| PROBLEM DETAILS |
Filter the entries below, keeping only lines with the word "dots".

| Stored entries |
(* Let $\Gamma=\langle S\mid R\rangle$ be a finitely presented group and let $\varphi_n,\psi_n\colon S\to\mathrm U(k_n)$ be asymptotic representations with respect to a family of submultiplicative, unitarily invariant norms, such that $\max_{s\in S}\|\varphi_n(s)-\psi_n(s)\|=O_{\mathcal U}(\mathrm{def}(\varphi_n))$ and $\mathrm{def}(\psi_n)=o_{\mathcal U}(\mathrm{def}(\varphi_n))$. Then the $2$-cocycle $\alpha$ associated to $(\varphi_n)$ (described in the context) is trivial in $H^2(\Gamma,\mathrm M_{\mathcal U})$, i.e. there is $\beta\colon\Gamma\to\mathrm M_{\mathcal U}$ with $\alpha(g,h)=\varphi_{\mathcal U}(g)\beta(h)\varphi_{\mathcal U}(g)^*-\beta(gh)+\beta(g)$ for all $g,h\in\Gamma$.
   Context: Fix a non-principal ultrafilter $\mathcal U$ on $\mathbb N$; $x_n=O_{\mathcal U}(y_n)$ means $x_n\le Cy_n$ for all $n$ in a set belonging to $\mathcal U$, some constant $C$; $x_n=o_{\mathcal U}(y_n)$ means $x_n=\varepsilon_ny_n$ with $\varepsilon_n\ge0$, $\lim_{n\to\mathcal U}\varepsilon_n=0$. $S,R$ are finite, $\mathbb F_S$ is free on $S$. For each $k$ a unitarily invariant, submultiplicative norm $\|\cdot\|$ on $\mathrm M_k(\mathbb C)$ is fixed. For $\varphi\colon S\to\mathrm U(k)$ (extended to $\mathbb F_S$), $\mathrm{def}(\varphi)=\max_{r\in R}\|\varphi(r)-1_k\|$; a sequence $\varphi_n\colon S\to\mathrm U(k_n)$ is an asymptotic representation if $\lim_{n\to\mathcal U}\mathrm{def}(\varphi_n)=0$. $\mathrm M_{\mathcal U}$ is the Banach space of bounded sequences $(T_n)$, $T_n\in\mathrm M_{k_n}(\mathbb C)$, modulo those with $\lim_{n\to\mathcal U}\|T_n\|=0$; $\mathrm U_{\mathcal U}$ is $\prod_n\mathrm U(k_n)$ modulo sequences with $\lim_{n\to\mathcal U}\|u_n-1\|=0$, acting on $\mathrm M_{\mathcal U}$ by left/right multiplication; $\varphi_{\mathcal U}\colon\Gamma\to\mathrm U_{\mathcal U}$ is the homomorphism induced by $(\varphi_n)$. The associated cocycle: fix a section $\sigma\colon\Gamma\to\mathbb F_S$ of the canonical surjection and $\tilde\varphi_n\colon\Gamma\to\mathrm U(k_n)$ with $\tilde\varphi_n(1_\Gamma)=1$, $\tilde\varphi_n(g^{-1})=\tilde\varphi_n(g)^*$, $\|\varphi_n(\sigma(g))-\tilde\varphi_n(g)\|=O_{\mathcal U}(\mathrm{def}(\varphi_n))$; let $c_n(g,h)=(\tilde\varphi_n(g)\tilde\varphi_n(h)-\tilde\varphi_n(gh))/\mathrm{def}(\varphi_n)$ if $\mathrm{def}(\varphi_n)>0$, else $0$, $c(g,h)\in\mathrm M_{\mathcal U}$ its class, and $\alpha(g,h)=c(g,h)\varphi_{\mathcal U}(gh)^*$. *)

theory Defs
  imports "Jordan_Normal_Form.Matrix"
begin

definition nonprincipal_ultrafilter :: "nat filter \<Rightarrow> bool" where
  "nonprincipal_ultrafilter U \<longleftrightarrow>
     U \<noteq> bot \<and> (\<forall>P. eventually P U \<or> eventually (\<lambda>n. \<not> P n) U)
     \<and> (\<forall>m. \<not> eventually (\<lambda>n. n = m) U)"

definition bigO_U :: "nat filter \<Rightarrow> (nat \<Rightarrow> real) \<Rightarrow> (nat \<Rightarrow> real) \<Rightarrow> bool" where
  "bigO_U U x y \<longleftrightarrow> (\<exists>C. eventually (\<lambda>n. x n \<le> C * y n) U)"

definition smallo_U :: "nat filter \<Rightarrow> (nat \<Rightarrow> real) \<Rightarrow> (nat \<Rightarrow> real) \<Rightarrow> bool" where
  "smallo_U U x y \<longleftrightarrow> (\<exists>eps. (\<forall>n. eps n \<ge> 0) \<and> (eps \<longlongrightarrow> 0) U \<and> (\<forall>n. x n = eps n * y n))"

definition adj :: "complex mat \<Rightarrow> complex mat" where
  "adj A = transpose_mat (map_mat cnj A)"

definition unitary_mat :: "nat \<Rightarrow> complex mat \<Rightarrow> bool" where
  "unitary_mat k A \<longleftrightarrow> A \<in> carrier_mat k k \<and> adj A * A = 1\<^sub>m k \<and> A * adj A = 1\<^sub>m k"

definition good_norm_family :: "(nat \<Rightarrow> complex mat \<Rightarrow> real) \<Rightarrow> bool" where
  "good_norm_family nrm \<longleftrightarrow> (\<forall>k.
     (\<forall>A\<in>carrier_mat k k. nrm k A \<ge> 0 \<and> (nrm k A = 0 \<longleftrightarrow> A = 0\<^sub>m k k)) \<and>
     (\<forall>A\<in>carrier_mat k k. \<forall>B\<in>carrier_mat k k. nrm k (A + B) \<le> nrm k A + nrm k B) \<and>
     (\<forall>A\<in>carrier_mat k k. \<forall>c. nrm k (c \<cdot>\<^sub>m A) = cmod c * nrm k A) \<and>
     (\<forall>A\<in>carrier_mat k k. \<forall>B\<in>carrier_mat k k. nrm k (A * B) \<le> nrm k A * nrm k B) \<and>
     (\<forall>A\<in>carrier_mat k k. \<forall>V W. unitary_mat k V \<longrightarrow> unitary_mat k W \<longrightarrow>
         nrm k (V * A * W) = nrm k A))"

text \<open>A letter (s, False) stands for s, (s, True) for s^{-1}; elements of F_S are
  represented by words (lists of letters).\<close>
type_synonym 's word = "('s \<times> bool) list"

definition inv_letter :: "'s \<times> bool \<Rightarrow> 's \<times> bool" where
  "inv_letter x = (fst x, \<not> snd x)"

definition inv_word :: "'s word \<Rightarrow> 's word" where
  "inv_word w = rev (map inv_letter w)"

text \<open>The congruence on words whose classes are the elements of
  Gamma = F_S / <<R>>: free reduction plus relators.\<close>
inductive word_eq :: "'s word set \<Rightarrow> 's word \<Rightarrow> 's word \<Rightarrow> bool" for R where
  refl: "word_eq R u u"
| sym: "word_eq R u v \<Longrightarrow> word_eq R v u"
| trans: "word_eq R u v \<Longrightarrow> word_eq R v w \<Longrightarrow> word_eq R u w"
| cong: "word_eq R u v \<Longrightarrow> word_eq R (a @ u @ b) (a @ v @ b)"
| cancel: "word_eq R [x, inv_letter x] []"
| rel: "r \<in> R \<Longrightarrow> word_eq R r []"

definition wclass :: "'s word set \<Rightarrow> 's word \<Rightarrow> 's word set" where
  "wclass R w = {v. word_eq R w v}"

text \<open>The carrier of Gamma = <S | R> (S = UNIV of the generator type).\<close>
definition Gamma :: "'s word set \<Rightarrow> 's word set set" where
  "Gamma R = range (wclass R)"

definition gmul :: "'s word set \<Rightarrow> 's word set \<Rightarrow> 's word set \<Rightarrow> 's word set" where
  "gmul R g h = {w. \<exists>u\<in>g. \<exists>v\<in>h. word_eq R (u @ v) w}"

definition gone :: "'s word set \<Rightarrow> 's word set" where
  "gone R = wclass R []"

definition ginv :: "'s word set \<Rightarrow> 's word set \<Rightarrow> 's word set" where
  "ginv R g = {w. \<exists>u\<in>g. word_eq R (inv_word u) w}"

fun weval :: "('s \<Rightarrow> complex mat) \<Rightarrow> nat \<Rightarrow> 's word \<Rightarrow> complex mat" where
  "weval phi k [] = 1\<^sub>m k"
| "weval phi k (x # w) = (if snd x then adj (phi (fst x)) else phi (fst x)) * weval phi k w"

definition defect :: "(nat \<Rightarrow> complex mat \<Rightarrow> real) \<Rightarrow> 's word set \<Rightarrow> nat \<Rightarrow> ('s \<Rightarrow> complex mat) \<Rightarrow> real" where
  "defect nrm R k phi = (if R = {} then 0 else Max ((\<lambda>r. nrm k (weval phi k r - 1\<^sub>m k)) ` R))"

---

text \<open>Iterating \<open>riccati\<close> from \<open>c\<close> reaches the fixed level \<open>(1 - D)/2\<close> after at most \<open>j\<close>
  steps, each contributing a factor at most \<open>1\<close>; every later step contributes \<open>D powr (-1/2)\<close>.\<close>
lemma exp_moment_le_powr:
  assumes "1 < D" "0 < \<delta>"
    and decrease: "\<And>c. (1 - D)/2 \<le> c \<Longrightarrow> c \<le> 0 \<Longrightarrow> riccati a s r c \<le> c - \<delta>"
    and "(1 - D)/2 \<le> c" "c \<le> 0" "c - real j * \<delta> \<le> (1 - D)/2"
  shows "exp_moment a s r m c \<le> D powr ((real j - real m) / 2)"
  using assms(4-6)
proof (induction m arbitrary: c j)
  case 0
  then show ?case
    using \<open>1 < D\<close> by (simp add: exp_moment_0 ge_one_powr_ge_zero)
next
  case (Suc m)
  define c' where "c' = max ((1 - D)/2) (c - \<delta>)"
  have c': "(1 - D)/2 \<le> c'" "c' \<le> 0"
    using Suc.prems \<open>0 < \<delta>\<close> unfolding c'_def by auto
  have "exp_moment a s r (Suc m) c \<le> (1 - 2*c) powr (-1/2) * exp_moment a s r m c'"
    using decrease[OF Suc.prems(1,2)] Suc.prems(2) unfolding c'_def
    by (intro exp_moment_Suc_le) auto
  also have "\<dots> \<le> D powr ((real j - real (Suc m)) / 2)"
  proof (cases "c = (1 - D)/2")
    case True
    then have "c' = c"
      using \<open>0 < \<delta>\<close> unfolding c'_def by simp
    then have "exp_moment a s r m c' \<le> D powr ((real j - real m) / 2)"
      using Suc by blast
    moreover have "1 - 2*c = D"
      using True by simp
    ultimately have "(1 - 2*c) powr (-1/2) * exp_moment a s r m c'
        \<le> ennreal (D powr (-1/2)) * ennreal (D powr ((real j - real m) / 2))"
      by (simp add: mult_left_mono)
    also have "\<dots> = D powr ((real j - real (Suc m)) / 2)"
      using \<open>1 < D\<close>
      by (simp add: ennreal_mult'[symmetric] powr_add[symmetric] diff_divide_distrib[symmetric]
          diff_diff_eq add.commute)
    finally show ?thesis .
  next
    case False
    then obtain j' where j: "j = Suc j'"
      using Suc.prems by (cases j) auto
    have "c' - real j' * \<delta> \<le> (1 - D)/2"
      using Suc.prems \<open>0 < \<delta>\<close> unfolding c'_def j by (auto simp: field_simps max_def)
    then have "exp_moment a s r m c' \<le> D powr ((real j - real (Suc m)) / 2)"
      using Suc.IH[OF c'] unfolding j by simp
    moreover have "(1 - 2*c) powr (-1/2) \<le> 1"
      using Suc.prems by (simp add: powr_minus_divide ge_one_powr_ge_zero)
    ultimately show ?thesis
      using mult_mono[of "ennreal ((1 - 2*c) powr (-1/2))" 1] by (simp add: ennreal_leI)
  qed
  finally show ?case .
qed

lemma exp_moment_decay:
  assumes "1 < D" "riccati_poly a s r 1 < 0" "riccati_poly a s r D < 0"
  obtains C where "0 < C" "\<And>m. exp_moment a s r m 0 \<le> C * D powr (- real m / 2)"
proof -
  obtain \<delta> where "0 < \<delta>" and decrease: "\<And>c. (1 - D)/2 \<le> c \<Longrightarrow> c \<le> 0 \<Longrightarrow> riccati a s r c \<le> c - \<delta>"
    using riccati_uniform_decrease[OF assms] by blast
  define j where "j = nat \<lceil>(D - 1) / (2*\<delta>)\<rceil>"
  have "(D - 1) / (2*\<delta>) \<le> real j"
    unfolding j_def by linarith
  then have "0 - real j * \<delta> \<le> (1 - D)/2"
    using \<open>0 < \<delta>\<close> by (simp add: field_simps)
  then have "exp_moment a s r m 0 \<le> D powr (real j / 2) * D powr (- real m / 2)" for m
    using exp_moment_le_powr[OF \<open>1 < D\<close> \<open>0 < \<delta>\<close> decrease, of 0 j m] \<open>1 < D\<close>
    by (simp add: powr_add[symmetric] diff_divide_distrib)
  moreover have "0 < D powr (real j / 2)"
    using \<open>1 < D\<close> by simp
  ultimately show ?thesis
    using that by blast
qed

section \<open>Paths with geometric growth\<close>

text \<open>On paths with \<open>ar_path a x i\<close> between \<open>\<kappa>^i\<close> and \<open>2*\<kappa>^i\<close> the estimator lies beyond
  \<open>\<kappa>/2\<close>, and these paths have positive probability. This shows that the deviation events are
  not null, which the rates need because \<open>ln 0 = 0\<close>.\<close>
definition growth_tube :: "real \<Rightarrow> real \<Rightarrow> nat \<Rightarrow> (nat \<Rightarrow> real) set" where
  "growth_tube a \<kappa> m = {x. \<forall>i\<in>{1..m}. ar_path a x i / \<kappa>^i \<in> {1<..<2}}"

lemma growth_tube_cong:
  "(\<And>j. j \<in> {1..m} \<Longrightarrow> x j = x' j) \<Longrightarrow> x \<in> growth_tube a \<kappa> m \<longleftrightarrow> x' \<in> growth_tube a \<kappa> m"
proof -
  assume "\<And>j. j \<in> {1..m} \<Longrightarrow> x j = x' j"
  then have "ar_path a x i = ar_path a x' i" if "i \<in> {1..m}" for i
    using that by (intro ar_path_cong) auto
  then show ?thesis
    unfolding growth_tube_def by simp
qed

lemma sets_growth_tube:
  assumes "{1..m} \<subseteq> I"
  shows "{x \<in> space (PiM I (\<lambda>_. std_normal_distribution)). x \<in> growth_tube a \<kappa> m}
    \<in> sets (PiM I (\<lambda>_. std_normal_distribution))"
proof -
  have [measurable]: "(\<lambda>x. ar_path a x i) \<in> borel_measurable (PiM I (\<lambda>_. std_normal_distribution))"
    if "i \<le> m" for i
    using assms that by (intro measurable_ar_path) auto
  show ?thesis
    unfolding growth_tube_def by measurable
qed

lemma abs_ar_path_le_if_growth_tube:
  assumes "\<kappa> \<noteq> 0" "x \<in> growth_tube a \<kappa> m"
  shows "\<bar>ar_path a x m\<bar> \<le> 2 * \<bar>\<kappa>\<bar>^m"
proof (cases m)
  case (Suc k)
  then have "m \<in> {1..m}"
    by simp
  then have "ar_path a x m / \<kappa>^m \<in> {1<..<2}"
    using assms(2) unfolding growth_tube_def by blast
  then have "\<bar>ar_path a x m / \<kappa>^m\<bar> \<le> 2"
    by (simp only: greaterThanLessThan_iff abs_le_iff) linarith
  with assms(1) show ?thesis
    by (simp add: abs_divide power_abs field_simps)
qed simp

...

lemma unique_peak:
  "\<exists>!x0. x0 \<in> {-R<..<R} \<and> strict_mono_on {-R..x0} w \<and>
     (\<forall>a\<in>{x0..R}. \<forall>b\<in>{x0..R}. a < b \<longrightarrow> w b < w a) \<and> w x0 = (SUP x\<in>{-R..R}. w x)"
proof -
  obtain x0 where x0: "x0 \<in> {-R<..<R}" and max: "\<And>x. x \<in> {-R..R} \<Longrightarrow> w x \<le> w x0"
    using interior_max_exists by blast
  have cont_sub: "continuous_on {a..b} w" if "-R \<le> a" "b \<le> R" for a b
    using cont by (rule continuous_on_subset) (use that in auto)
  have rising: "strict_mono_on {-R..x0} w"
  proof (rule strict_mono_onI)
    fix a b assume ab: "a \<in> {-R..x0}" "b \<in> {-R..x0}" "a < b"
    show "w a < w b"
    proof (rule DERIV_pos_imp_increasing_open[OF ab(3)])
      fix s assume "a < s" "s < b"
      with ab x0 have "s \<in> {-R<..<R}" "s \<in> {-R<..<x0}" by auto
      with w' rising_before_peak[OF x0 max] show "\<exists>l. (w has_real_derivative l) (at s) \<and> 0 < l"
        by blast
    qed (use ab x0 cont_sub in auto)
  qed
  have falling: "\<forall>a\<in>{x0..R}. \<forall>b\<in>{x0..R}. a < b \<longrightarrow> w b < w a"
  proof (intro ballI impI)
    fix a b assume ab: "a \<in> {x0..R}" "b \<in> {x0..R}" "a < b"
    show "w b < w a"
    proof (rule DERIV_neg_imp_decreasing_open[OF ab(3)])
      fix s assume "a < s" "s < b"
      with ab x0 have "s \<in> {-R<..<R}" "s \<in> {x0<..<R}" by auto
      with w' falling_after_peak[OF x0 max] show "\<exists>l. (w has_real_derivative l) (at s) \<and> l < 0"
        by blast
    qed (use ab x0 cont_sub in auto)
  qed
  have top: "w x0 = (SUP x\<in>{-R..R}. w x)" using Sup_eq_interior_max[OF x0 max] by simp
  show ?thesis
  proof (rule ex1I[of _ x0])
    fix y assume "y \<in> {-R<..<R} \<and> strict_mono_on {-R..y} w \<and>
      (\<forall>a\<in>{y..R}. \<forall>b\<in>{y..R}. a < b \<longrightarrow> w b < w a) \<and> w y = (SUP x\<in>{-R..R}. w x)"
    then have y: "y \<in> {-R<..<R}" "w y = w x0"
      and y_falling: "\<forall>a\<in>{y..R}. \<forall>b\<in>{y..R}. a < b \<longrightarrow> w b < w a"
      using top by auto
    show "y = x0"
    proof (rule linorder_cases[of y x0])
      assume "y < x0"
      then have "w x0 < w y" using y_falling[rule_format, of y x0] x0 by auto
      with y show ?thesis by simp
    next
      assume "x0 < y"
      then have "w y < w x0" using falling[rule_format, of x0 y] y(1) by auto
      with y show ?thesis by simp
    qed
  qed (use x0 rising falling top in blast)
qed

| SOLUTION TO THIS EXERCISE |
  also have "\<dots> \<le> D powr ((real j - real (Suc m)) / 2)"
    also have "\<dots> = D powr ((real j - real (Suc m)) / 2)"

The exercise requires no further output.